Игорь перемахнул через забор, подошел к малышу. Тот поднял глаза: губы подрагивали от сдерживаемых всхлипываний, длинные ресницы запорхали, и из-под них выкатилось по крупной слезинке.
Подросток на секунду застыл, глядя, как медленно стекают по щекам эти капельки, потом схватил мальчика на руки, прижал к себе и тихонько сказал: «Не плачь, все пройдет. Я приду к вам вечером и принесу тебе игрушку. Хочешь машинку?»
Малыш закивал головой, Игорь передал его Валере, и тот понес братишку домой.
- Ты у нас прям брат милосердия, - не удержалась от комментария Вика. Все дружно поддержали атаманшу едким хихиканьем.
Конечно же, это могло прийти в голову только ей: идея развлечься таким странным образом – прикинуть, кто дороже всех одет-обут. У Вики отец занимал какую-то должность в мэрии, говорят, и магазинчик держал. В общем, они не бедствовали. О чем Виктория не забывала регулярно напоминать окружавшим.
Короче говоря, в графе «итого» этой калькуляции оказалось, что именно на Игоре одежда самая простенькая и дешевая. Собственно, новостью это ни для кого не было, просто раньше друзья на такие вещи (в прямом смысле слова) особого внимания не обращали. А тут…

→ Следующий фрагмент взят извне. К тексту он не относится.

lemma wtr_set_vertex_set:
  assumes "connected_graph V E"
  shows "wtr_set V E V"
  unfolding wtr_set_def resolving_set_def
proof (intro conjI ballI impI)
  fix y z
  assume "y \<in> V" "z \<in> V" "y \<noteq> z"
  then have "gdist V E y z \<noteq> gdist V E z z"
    using gdist_eq_0_iff[OF assms, of y z] gdist_self[of z V E] by simp
  then show "\<exists>x\<in>V. gdist V E y x \<noteq> gdist V E z x" using \<open>z \<in> V\<close> by blast
qed auto

definition twins :: "'a set \<Rightarrow> ('a \<Rightarrow> 'a \<Rightarrow> bool) \<Rightarrow> 'a \<Rightarrow> 'a \<Rightarrow> bool" where
  "twins V E c c' \<longleftrightarrow> c \<in> V \<and> c' \<in> V \<and> c \<noteq> c'
     \<and> (\<forall>x\<in>V - {c, c'}. gdist V E c x = gdist V E c' x)"

lemma twin_in_wtr_set:
  assumes "wtr_set V E W" "twins V E c c'"
  shows "c \<in> W"
proof (rule ccontr)
  assume "c \<notin> W"
  have c: "c \<in> V" "c' \<in> V" "c \<noteq> c'"
    and same: "\<And>x. x \<in> V \<Longrightarrow> x \<noteq> c \<Longrightarrow> x \<noteq> c' \<Longrightarrow> gdist V E c x = gdist V E c' x"
    using assms(2) unfolding twins_def by auto
  have "W \<subseteq> V" using assms(1) unfolding wtr_set_def resolving_set_def by blast
  show False
  proof (cases "c' \<in> W")
    case True
    then obtain w' where "w' \<in> W - {c'}" "gdist V E c w' \<noteq> gdist V E c' w'"
      using assms(1) \<open>c \<notin> W\<close> c unfolding wtr_set_def by blast
    then show False using same \<open>c \<notin> W\<close> \<open>W \<subseteq> V\<close> by blast
  next
    case False
    then obtain x where "x \<in> W" "gdist V E c x \<noteq> gdist V E c' x"
      using assms(1) c unfolding wtr_set_def resolving_set_def by blast
    then show False using same \<open>c \<notin> W\<close> False \<open>W \<subseteq> V\<close> by blast
  qed
qed

lemma dim_wt_eqI:
  assumes "wtr_set V E W" "card W = k" "\<And>W'. wtr_set V E W' \<Longrightarrow> k \<le> card W'"
  shows "dim_wt V E = k"
  unfolding dim_wt_def using assms by (intro Least_equality) auto

lemma res_wt_eq_card:
  assumes "finite V" "wtr_set V E V" "v \<in> V" "\<And>W. wtr_set V E W \<Longrightarrow> v \<in> W"
  shows "res_wt V E = card V"
  unfolding res_wt_def
proof (rule Least_equality)
  show "0 < card V \<and> (\<forall>W. W \<subseteq> V \<and> card W = card V \<longrightarrow> wtr_set V E W)"
    using assms card_subset_eq card_gt_0_iff by blast
next
  fix r
  assume r: "0 < r \<and> (\<forall>W. W \<subseteq> V \<and> card W = r \<longrightarrow> wtr_set V E W)"
  show "card V \<le> r"
  proof (rule ccontr)
    assume "\<not> card V \<le> r"
    then have "r \<le> card (V - {v})" using assms(1,3) by simp
    then obtain W where "W \<subseteq> V - {v}" "card W = r"
      using obtain_subset_with_card_n by metis
    then show False using r assms(4) by blast
  qed
qed

text \<open>
  On the vertices \<open>{0..<b}\<close>: the path \<open>0 \<dash> 1 \<dash> \<dots> \<dash> m\<close> together with the clique on
  \<open>{m..<b}\<close>. The distance from \<open>x\<close> to \<open>y\<close> is the distance of their projections to the
  path, plus one if they are distinct and one of them lies off the path.
\<close>

definition lollipop :: "nat \<Rightarrow> nat \<Rightarrow> nat \<Rightarrow> nat \<Rightarrow> bool" where
  "lollipop m b x y \<longleftrightarrow>
     x < b \<and> y < b \<and> x \<noteq> y \<and> ((m \<le> x \<and> m \<le> y) \<or> x = Suc y \<or> y = Suc x)"

definition lollipop_dist :: "nat \<Rightarrow> nat \<Rightarrow> nat \<Rightarrow> nat" where
  "lollipop_dist m x y = (min x m - min y m) + (min y m - min x m)
     + (if x \<noteq> y \<and> (m < x \<or> m < y) then 1 else 0)"

lemma lollipop_dist_eq_0_iff: "lollipop_dist m x y = 0 \<longleftrightarrow> x = y"
  unfolding lollipop_dist_def by (auto simp: min_def)

lemma lollipop_dist_descent:
  assumes "x < b" "y < b" "m < b" "lollipop_dist m x y \<noteq> 0"
  shows "\<exists>z\<in>{0..<b}. lollipop m b x z \<and> Suc (lollipop_dist m z y) = lollipop_dist m x y"
proof -
  define z where "z = (if m \<le> x \<and> m \<le> y then y
                       else if x < min y m then x + 1 else if m < x then m else x - 1)"
  have "x \<noteq> y" using assms lollipop_dist_eq_0_iff by metis
  then have "z < b \<and> lollipop m b x z \<and> Suc (lollipop_dist m z y) = lollipop_dist m x y"
    using assms unfolding z_def lollipop_def lollipop_dist_def by (auto simp: min_def)
  then show ?thesis by auto
qed

lemma gdist_lollipop:
  assumes "x < b" "y < b" "m < b"
  shows "gdist {0..<b} (lollipop m b) x y = lollipop_dist m x y"
proof (rule gdist_eqI)
  show "lollipop_dist m u y' \<le> lollipop_dist m v y' + 1" if "lollipop m b u v" for u v y'
    using that unfolding lollipop_def lollipop_dist_def by (auto simp: min_def)
qed (use assms lollipop_dist_eq_0_iff lollipop_dist_descent[of _ b y m] in auto)

lemma connected_lollipop:
  assumes "m < b"
  shows "connected_graph {0..<b} (lollipop m b)"
  unfolding connected_graph_def
proof (intro ballI)
  fix x y
  assume "x \<in> {0..<b}" "y \<in> {0..<b}"
  then show "\<exists>p. walk {0..<b} (lollipop m b) p \<and> hd p = x \<and> last p = y"
    using walk_along_potential[of y "{0..<b}" "lollipop_dist m" "lollipop m b" x]
      lollipop_dist_eq_0_iff lollipop_dist_descent[of _ b y m] assms
    by auto
qed

lemma twins_lollipop:
  assumes "m < c" "m < c'" "c < b" "c' < b" "c \<noteq> c'"
  shows "twins {0..<b} (lollipop m b) c c'"
  using assms unfolding twins_def by (auto simp: gdist_lollipop lollipop_dist_def min_def)

lemma not_wtr_set_lollipop_tail:
  assumes "m + 3 \<le> b"
  shows "\<not> wtr_set {0..<b} (lollipop m b) {Suc m..<b}"
proof
  assume "wtr_set {0..<b} (lollipop m b) {Suc m..<b}"
  moreover have "Suc m \<in> {Suc m..<b}" "m \<in> {0..<b} - {Suc m..<b}" using assms by auto
  ultimately obtain w' where "w' \<in> {Suc m..<b} - {Suc m}"
      "gdist {0..<b} (lollipop m b) m w' \<noteq> gdist {0..<b} (lollipop m b) (Suc m) w'"
    unfolding wtr_set_def by blast
  then show False by (auto simp: gdist_lollipop lollipop_dist_def min_def)
qed

lemma wtr_set_lollipop_clique:
  assumes "m + 3 \<le> b"
  shows "wtr_set {0..<b} (lollipop m b) {m..<b}"
  unfolding wtr_set_def resolving_set_def
proof (intro conjI ballI impI)
  fix y z
  assume yz: "y \<in> {0..<b}" "z \<in> {0..<b}" "y \<noteq> z"
  consider "m \<le> y" | "m \<le> z" | "y < m" "z < m" by linarith
  then show "\<exists>x\<in>{m..<b}. gdist {0..<b} (lollipop m b) y x \<noteq> gdist {0..<b} (lollipop m b) z x"
  proof cases
    case 1
    then show ?thesis
      using yz assms lollipop_dist_eq_0_iff[of m z y]
      by (intro bexI[of _ y]) (auto simp: gdist_lollipop lollipop_dist_def)
  next
    case 2
    then show ?thesis
      using yz assms lollipop_dist_eq_0_iff[of m y z]
      by (intro bexI[of _ z]) (auto simp: gdist_lollipop lollipop_dist_def)
  next
    case 3
    then show ?thesis
      using yz assms by (intro bexI[of _ m]) (auto simp: gdist_lollipop lollipop_dist_def min_def)
  qed
next
  fix w x
  assume w: "w \<in> {m..<b}" and x: "x \<in> {0..<b} - {m..<b}"
  define w' where "w' = (if w = Suc m then Suc (Suc m) else Suc m)"
  have "w' \<in> {m..<b} - {w}" using w assms unfolding w'_def by auto
  moreover have "gdist {0..<b} (lollipop m b) x w' \<noteq> gdist {0..<b} (lollipop m b) w w'"
    using w x assms unfolding w'_def by (auto simp: gdist_lollipop lollipop_dist_def min_def)
  ultimately show "\<exists>w'\<in>{m..<b} - {w}.
      gdist {0..<b} (lollipop m b) x w' \<noteq> gdist {0..<b} (lollipop m b) w w'" by blast
qed auto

- А ботиночки-то, похоже, вообще – секонд хенд, - протянула Вика, - поди, от братца остались в наследство? Это не он минут 10 назад мимо прошел? Что-то трезвый давно, странно даже, видать, затишье перед запоем…
Это был уже запрещенный прием. Игорь резко повернулся и молча рванул домой. Илья действительно заскочил пообедать, уже успел перекусить и собирался снова на работу. Младший брат влетел в узкий коридор и чуть не столкнул его. С размаха швырнул об пол ботинки.
- Случилось что? Какая муха тебя укусила?
- Тебе лучше знать, какая. Ты же обычно у нас «под мухой» бываешь! - выкрикнул он в лицо старшему.
Тот, вздрогнув, как от удара, на миг застыл.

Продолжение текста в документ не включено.